2. Role o f E U In Environmental Taxation

circumstances achieve a more efficient pattern of abatement across countries. For example, where global pollutants are concerned, agreement on a uniform tax rate to apply in all countries may be more efficient than agreeing that all countries implement the same percentage reduction in pollution. Indeed, in some circumstances involving uniformly-mixed global pollutants a uniform tax rate on emissions across countries would constitute the optimal policy. Hoel (1994a) considers whether a carbon tax, levied to control climate change problems arising from the accumulation of global carbon dioxide emissions, should be uniform across countries. Ideally, he finds, the tax should be uniform. But there are two sets of circumstances in which non-uniformity across countries could be appropriate. One is where side-payments are ruled out; in this case (which Hoel, however, argues is hard to justify), non-uniform carbon taxes could be Pareto-optimal^. Another group of circumstances concerns the availability of other tax instruments which can be deployed to tackle other energy-related externalities®, and to tax energy within a structure of optimal revenue-raising taxes on commodities. Typically, the efficient rates to be set for these energy taxes will vary across countries; in the first case to reflect differences in abatement costs, the assimilative capacity of the national environment, and citizens’ preferences for environmental quality, and in the second case to reflect the range of factors underlying optimal tax structures. If separate taxes on energy were not available, and the carbon tax had to perform these functions as well as reducing carbon emissions, uniformity in the carbon tax rate across countries would be unlikely to be optimal. However, since all countries already levy substantial taxes on at least some types of energy, the case for uniformity across countries in a new coordinated carbon tax would appear to be strong. Another reason for specifying the form of policy, rather than simply emission reduction targets, may be the credibility of any agreement; agreeing to introduce a tax at a particular rate may make it easier for countries to verify that the bargain was being implemented, than where the agreement was simply to undertake unspecified measures to achieve a quantitative target for emissions reduction at some future date.

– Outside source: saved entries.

(* Let $K$ be a skew field, $V$ a left (topological) $K$-vector space with basis $v^0,v^1,\ldots$, $V'$ the dual right $K$-vector space with basis $p_0,p_1,\ldots$, with pairing $(\cdot,\cdot)$, and assume $D=(y_i^k)$, $y_i^k=(v^k,p_i)$, is generic. For $\mathbf f\in V$, $\mathbf g\in V'$ put $f_i=(\mathbf f,p_i)$, $g^k=(v^k,\mathbf g)$ and, for $n\ge0$, $$R_n(\mathbf f,\mathbf g)=(\mathbf f,\mathbf g)-\sum_{i,k=0}^n f_i(z_k^i)_n g^k .$$ Then $$(\mathbf f,\mathbf g)=\sum_{m=0}^n\Delta_R^m f\;|D_m|_m^m\;\Delta_L^m g+R_n(\mathbf f,\mathbf g),$$ and $R_n(\mathbf f,p_i)=R_n(v^k,\mathbf g)=0$ for all $\mathbf f\in V$, $\mathbf g\in V'$ and $0\le i,k\le n$.
   Context: The pairing $(\cdot,\cdot):V\times V'\to K$ is biadditive with $(\lambda v,p\mu)=\lambda(v,p)\mu$. $D_m$ is the $(m+1)\times(m+1)$ matrix with entry $y_i^k$ in row $k$, column $i$ ($0\le i,k\le m$), and $(z_k^i)_n$ is the entry in row $i$, column $k$ of $D_n^{-1}$. Quasideterminants: for a square matrix $M$ with rows/columns indexed by $\{0,\ldots,n\}$ and entry $M_a^b$ in row $b$, column $a$, $|M|_a^b=M_a^b-r\,(M^{(b,a)})^{-1}c$, where $M^{(b,a)}$ deletes row $b$ and column $a$, $r$ is row $b$ without its column-$a$ entry and $c$ is column $a$ without its row-$b$ entry ($|M|_0^0=M_0^0$ for $1\times1$ matrices). Difference derivatives: let $A=(a_m^i)$ (upper triangular, $a_m^i=0$ for $i>m$) and $C=(c_k^m)$ (lower triangular, $c_k^m=0$ for $k>m$) be the unique matrices such that $q_m=\sum_{i=0}^m p_ia_m^i$ and $w^m=\sum_{k=0}^m c_k^m v^k$ satisfy $(w^m,q_{m'})=0$ for $m\ne m'$ and $(w^m,p_m)=(v^m,q_m)=1$. Then $\Delta_R^m f=(\mathbf f,q_m)=\sum_{i=0}^m f_ia_m^i$ and $\Delta_L^m g=(w^m,\mathbf g)=\sum_{k=0}^m c_k^m g^k$. Genericity means all $D_m$ and all quasideterminants appearing are invertible. *)

theory Defs
  imports Main
begin

(* Matrices are functions M :: nat => nat => 'k, with M r c the entry in row r, column c. *)

(* N (rows indexed by Cs, columns by Rs) is the two-sided inverse of M (rows Rs, columns Cs);
   N is normalised to be 0 outside Cs x Rs so that it is unique. *)
definition is_inv_on :: "nat set \<Rightarrow> nat set \<Rightarrow> (nat \<Rightarrow> nat \<Rightarrow> 'k::ring_1) \<Rightarrow> (nat \<Rightarrow> nat \<Rightarrow> 'k) \<Rightarrow> bool" where
  "is_inv_on Rs Cs M N \<longleftrightarrow>
     (\<forall>r\<in>Rs. \<forall>r'\<in>Rs. (\<Sum>c\<in>Cs. M r c * N c r') = (if r = r' then 1 else 0)) \<and>
     (\<forall>c\<in>Cs. \<forall>c'\<in>Cs. (\<Sum>r\<in>Rs. N c r * M r c') = (if c = c' then 1 else 0)) \<and>
     (\<forall>c r. c \<notin> Cs \<or> r \<notin> Rs \<longrightarrow> N c r = 0)"

definition invertible_on :: "nat set \<Rightarrow> nat set \<Rightarrow> (nat \<Rightarrow> nat \<Rightarrow> 'k::ring_1) \<Rightarrow> bool" where
  "invertible_on Rs Cs M \<longleftrightarrow> (\<exists>N. is_inv_on Rs Cs M N)"

definition inv_on :: "nat set \<Rightarrow> nat set \<Rightarrow> (nat \<Rightarrow> nat \<Rightarrow> 'k::ring_1) \<Rightarrow> (nat \<Rightarrow> nat \<Rightarrow> 'k)" where
  "inv_on Rs Cs M = (THE N. is_inv_on Rs Cs M N)"

(* Quasideterminant |M|_a^b of the (n+1)x(n+1) matrix M (indices 0..n), b = row, a = column:
   M_a^b - r (M^{(b,a)})^{-1} c. *)
definition quasidet :: "nat \<Rightarrow> (nat \<Rightarrow> nat \<Rightarrow> 'k::ring_1) \<Rightarrow> nat \<Rightarrow> nat \<Rightarrow> 'k" where
  "quasidet n M a b =
     M b a - (\<Sum>a'\<in>{0..n}-{a}. \<Sum>b'\<in>{0..n}-{b}.
                 M b a' * inv_on ({0..n}-{b}) ({0..n}-{a}) M a' b' * M b' a)"

(* D_m : entry y_i^k (= y i k) in row k, column i, 0 <= i,k <= m *)
definition Dmat :: "(nat \<Rightarrow> nat \<Rightarrow> 'k::ring_1) \<Rightarrow> nat \<Rightarrow> nat \<Rightarrow> nat \<Rightarrow> 'k" where
  "Dmat y m = (\<lambda>r c. if r \<le> m \<and> c \<le> m then y c r else 0)"

(* (z_k^i)_n = entry in row i, column k of D_n^{-1} *)
definition zcoef :: "(nat \<Rightarrow> nat \<Rightarrow> 'k::ring_1) \<Rightarrow> nat \<Rightarrow> nat \<Rightarrow> nat \<Rightarrow> 'k" where
  "zcoef y n i k = inv_on {0..n} {0..n} (Dmat y n) i k"

definition generic :: "(nat \<Rightarrow> nat \<Rightarrow> 'k::division_ring) \<Rightarrow> bool" where
  "generic y \<longleftrightarrow> (\<forall>m. invertible_on {0..m} {0..m} (Dmat y m) \<and> quasidet m (Dmat y m) m m \<noteq> 0)"

definition left_module :: "('k::ring_1 \<Rightarrow> 'v::ab_group_add \<Rightarrow> 'v) \<Rightarrow> bool" where
  "left_module sm \<longleftrightarrow>
     (\<forall>a x y. sm a (x + y) = sm a x + sm a y) \<and> (\<forall>a b x. sm (a + b) x = sm a x + sm b x) \<and>
     (\<forall>a b x. sm (a * b) x = sm a (sm b x)) \<and> (\<forall>x. sm 1 x = x)"

definition right_module :: "('w::ab_group_add \<Rightarrow> 'k::ring_1 \<Rightarrow> 'w) \<Rightarrow> bool" where
  "right_module sm \<longleftrightarrow>
     (\<forall>a x y. sm (x + y) a = sm x a + sm y a) \<and> (\<forall>a b x. sm x (a + b) = sm x a + sm x b) \<and>
     (\<forall>a b x. sm x (a * b) = sm (sm x a) b) \<and> (\<forall>x. sm x 1 = x)"

definition pairing :: "('k::ring_1 \<Rightarrow> 'v::ab_group_add \<Rightarrow> 'v) \<Rightarrow> ('w::ab_group_add \<Rightarrow> 'k \<Rightarrow> 'w) \<Rightarrow> ('v \<Rightarrow> 'w \<Rightarrow> 'k) \<Rightarrow> bool" where
  "pairing smL smR pr \<longleftrightarrow>
     (\<forall>x x' g. pr (x + x') g = pr x g + pr x' g) \<and> (\<forall>x g g'. pr x (g + g') = pr x g + pr x g') \<and>
     (\<forall>l x g m. pr (smL l x) (smR g m) = l * pr x g * m)"

definition qvec :: "('w::ab_group_add \<Rightarrow> 'k \<Rightarrow> 'w) \<Rightarrow> (nat \<Rightarrow> 'w) \<Rightarrow> (nat \<Rightarrow> nat \<Rightarrow> 'k) \<Rightarrow> nat \<Rightarrow> 'w" where
  "qvec smR p a m = (\<Sum>i\<le>m. smR (p i) (a i m))"

definition wvec :: "('k \<Rightarrow> 'v::ab_group_add \<Rightarrow> 'v) \<Rightarrow> (nat \<Rightarrow> 'v) \<Rightarrow> (nat \<Rightarrow> nat \<Rightarrow> 'k) \<Rightarrow> nat \<Rightarrow> 'v" where
  "wvec smL v c m = (\<Sum>k\<le>m. smL (c k m) (v k))"

definition DeltaR :: "('v \<Rightarrow> 'w \<Rightarrow> 'k::ring_1) \<Rightarrow> (nat \<Rightarrow> 'w) \<Rightarrow> (nat \<Rightarrow> nat \<Rightarrow> 'k) \<Rightarrow> nat \<Rightarrow> 'v \<Rightarrow> 'k" where
  "DeltaR pr p a m f = (\<Sum>i\<le>m. pr f (p i) * a i m)"

definition DeltaL :: "('v \<Rightarrow> 'w \<Rightarrow> 'k::ring_1) \<Rightarrow> (nat \<Rightarrow> 'v) \<Rightarrow> (nat \<Rightarrow> nat \<Rightarrow> 'k) \<Rightarrow> nat \<Rightarrow> 'w \<Rightarrow> 'k" where
  "DeltaL pr v c m g = (\<Sum>k\<le>m. c k m * pr (v k) g)"

definition remainder :: "('v \<Rightarrow> 'w \<Rightarrow> 'k::ring_1) \<Rightarrow> (nat \<Rightarrow> 'v) \<Rightarrow> (nat \<Rightarrow> 'w) \<Rightarrow> nat \<Rightarrow> 'v \<Rightarrow> 'w \<Rightarrow> 'k" where
  "remainder pr v p n f g =
     pr f g - (\<Sum>i\<le>n. \<Sum>k\<le>n. pr f (p i) * zcoef (\<lambda>i k. pr (v k) (p i)) n i k * pr (v k) g)"

end

theory Submission
  imports Defs
begin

In some cases, therefore, the distinction between the EU’s role in target-setting and the role of the member states in choosing how to meet the targets, is unsustainable. For a number of reasons, including the "credibility" issues raised in section 1, the EU should have a substantial and legitimate interest in the form of environmental policy (eg in the choice between environmental taxes and regulation) as well as in its targets and objectives.

In addition, although the limited administrative resources available to the EU will frequently dictate a substantial role for national governments in administrative implementation of policies (including both conventional tax policies and environmental policies), even where the EU has primary responsibility for the determination of policy targets, there will be a need for this to be accompanied by facilities for monitoring and audit at the EU level, in order to ensure the credibility of policy.